WORK TO COMPLETE:
The data below must be copied in full and without any change.

Collection entries:

(* Let $R$ be a ring with identity and $a,b,c\in R$. Then: (i) if $a$ is right annihilator $(b,c)$-invertible, then $b^\circ=(cab)^\circ$; (ii) if $a$ is left annihilator $(b,c)$-invertible, then ${}^\circ c={}^\circ(cab)$.
   Context: For $x\in R$: $x^\circ=\{r\in R: xr=0\}$, ${}^\circ x=\{r\in R: rx=0\}$. The element $a$ is right annihilator $(b,c)$-invertible if there is $y\in R$ with $c^\circ\subseteq y^\circ$ and $yab=b$; left annihilator $(b,c)$-invertible if there is $y\in R$ with ${}^\circ b\subseteq {}^\circ y$ and $cay=c$. *)

theory Defs
  imports Main
begin

definition rann :: "'a::ring_1 \<Rightarrow> 'a set" where
  "rann x = {r. x * r = 0}"

definition lann :: "'a::ring_1 \<Rightarrow> 'a set" where
  "lann x = {r. r * x = 0}"

definition right_ann_bc_invertible :: "'a::ring_1 \<Rightarrow> 'a \<Rightarrow> 'a \<Rightarrow> bool" where
  "right_ann_bc_invertible a b c \<longleftrightarrow> (\<exists>y. rann c \<subseteq> rann y \<and> y * a * b = b)"

definition left_ann_bc_invertible :: "'a::ring_1 \<Rightarrow> 'a \<Rightarrow> 'a \<Rightarrow> bool" where
  "left_ann_bc_invertible a b c \<longleftrightarrow> (\<exists>y. lann b \<subseteq> lann y \<and> c * a * y = c)"

end

theory Submission
  imports Defs
begin

text \<open>One inclusion holds in any ring. For the other, if \<open>cabr = 0\<close> then \<open>abr\<close> lies in the
  right annihilator of \<open>c\<close>, hence in that of \<open>y\<close>, so \<open>br = yabr = 0\<close>; the left-hand
  statement is the mirror image.\<close>

lemma rann_subset_rann_mult: "rann x \<subseteq> rann (y * x)"
  by (auto simp: rann_def mult.assoc)

lemma lann_subset_lann_mult: "lann x \<subseteq> lann (x * y)"
  by (auto simp: lann_def mult.assoc[symmetric])

lemma right_ann_bc_invertible_imp_rann_eq:
  assumes "right_ann_bc_invertible a b c"
  shows "rann b = rann (c * a * b)"
proof
  obtain y where ann: "rann c \<subseteq> rann y" and inv: "y * a * b = b"
    using assms unfolding right_ann_bc_invertible_def by blast
  show "rann (c * a * b) \<subseteq> rann b"
  proof
    fix r assume "r \<in> rann (c * a * b)"
    then have "a * b * r \<in> rann c"
      by (simp add: rann_def mult.assoc)
    then have "a * b * r \<in> rann y"
      using ann by blast
    then have "y * a * b * r = 0"
      by (simp add: rann_def mult.assoc)
    then show "r \<in> rann b"
      by (simp add: rann_def inv)
  qed
qed (simp add: rann_subset_rann_mult)

lemma left_ann_bc_invertible_imp_lann_eq:
  assumes "left_ann_bc_invertible a b c"
  shows "lann c = lann (c * a * b)"
proof
  obtain y where ann: "lann b \<subseteq> lann y" and inv: "c * a * y = c"
    using assms unfolding left_ann_bc_invertible_def by blast
  show "lann (c * a * b) \<subseteq> lann c"
  proof
    fix r assume "r \<in> lann (c * a * b)"
    then have "r * c * a \<in> lann b"
      by (simp add: lann_def mult.assoc)
    then have "r * c * a \<in> lann y"
      using ann by blast
    then have "r * (c * a * y) = 0"
      by (simp add: lann_def mult.assoc)
    then show "r \<in> lann c"
      by (simp add: lann_def inv)
  qed
qed (metis lann_subset_lann_mult mult.assoc)

theorem proposition2p9:
  fixes a b c :: "'a::ring_1"
  shows "(right_ann_bc_invertible a b c \<longrightarrow> rann b = rann (c * a * b))
       \<and> (left_ann_bc_invertible a b c \<longrightarrow> lann c = lann (c * a * b))"
  by (simp add: right_ann_bc_invertible_imp_rann_eq left_ann_bc_invertible_imp_lann_eq)

end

ANSWER FOR THIS EXERCISE:
(* Let $R$ be a ring with identity and $a,b,c\in R$. Then: (i) if $a$ is right annihilator $(b,c)$-invertible, then $b^\circ=(cab)^\circ$; (ii) if $a$ is left annihilator $(b,c)$-invertible, then ${}^\circ c={}^\circ(cab)$.
   Context: For $x\in R$: $x^\circ=\{r\in R: xr=0\}$, ${}^\circ x=\{r\in R: rx=0\}$. The element $a$ is right annihilator $(b,c)$-invertible if there is $y\in R$ with $c^\circ\subseteq y^\circ$ and $yab=b$; left annihilator $(b,c)$-invertible if there is $y\in R$ with ${}^\circ b\subseteq {}^\circ y$ and $cay=c$. *)

theory Defs
  imports Main
begin

definition rann :: "'a::ring_1 \<Rightarrow> 'a set" where
  "rann x = {r. x * r = 0}"

definition lann :: "'a::ring_1 \<Rightarrow> 'a set" where
  "lann x = {r. r * x = 0}"

definition right_ann_bc_invertible :: "'a::ring_1 \<Rightarrow> 'a \<Rightarrow> 'a \<Rightarrow> bool" where
  "right_ann_bc_invertible a b c \<longleftrightarrow> (\<exists>y. rann c \<subseteq> rann y \<and> y * a * b = b)"

definition left_ann_bc_invertible :: "'a::ring_1 \<Rightarrow> 'a \<Rightarrow> 'a \<Rightarrow> bool" where
  "left_ann_bc_invertible a b c \<longleftrightarrow> (\<exists>y. lann b \<subseteq> lann y \<and> c * a * y = c)"

end

theory Submission
  imports Defs
begin

text \<open>One inclusion holds in any ring. For the other, if \<open>cabr = 0\<close> then \<open>abr\<close> lies in the
  right annihilator of \<open>c\<close>, hence in that of \<open>y\<close>, so \<open>br = yabr = 0\<close>; the left-hand
  statement is the mirror image.\<close>

lemma rann_subset_rann_mult: "rann x \<subseteq> rann (y * x)"
  by (auto simp: rann_def mult.assoc)

lemma lann_subset_lann_mult: "lann x \<subseteq> lann (x * y)"
  by (auto simp: lann_def mult.assoc[symmetric])

lemma right_ann_bc_invertible_imp_rann_eq:
  assumes "right_ann_bc_invertible a b c"
  shows "rann b = rann (c * a * b)"
proof
  obtain y where ann: "rann c \<subseteq> rann y" and inv: "y * a * b = b"
    using assms unfolding right_ann_bc_invertible_def by blast
  show "rann (c * a * b) \<subseteq> rann b"
  proof
    fix r assume "r \<in> rann (c * a * b)"
    then have "a * b * r \<in> rann c"
      by (simp add: rann_def mult.assoc)
    then have "a * b * r \<in> rann y"
      using ann by blast
    then have "y * a * b * r = 0"
      by (simp add: rann_def mult.assoc)
    then show "r \<in> rann b"
      by (simp add: rann_def inv)
  qed
qed (simp add: rann_subset_rann_mult)

lemma left_ann_bc_invertible_imp_lann_eq:
  assumes "left_ann_bc_invertible a b c"
  shows "lann c = lann (c * a * b)"
proof
  obtain y where ann: "lann b \<subseteq> lann y" and inv: "c * a * y = c"
    using assms unfolding left_ann_bc_invertible_def by blast
  show "lann (c * a * b) \<subseteq> lann c"
  proof
    fix r assume "r \<in> lann (c * a * b)"
    then have "r * c * a \<in> lann b"
      by (simp add: lann_def mult.assoc)
    then have "r * c * a \<in> lann y"
      using ann by blast
    then have "r * (c * a * y) = 0"
      by (simp add: lann_def mult.assoc)
    then show "r \<in> lann c"
      by (simp add: lann_def inv)
  qed
qed (metis lann_subset_lann_mult mult.assoc)

theorem proposition2p9:
  fixes a b c :: "'a::ring_1"
  shows "(right_ann_bc_invertible a b c \<longrightarrow> rann b = rann (c * a * b))
       \<and> (left_ann_bc_invertible a b c \<longrightarrow> lann c = lann (c * a * b))"
  by (simp add: right_ann_bc_invertible_imp_rann_eq left_ann_bc_invertible_imp_lann_eq)

end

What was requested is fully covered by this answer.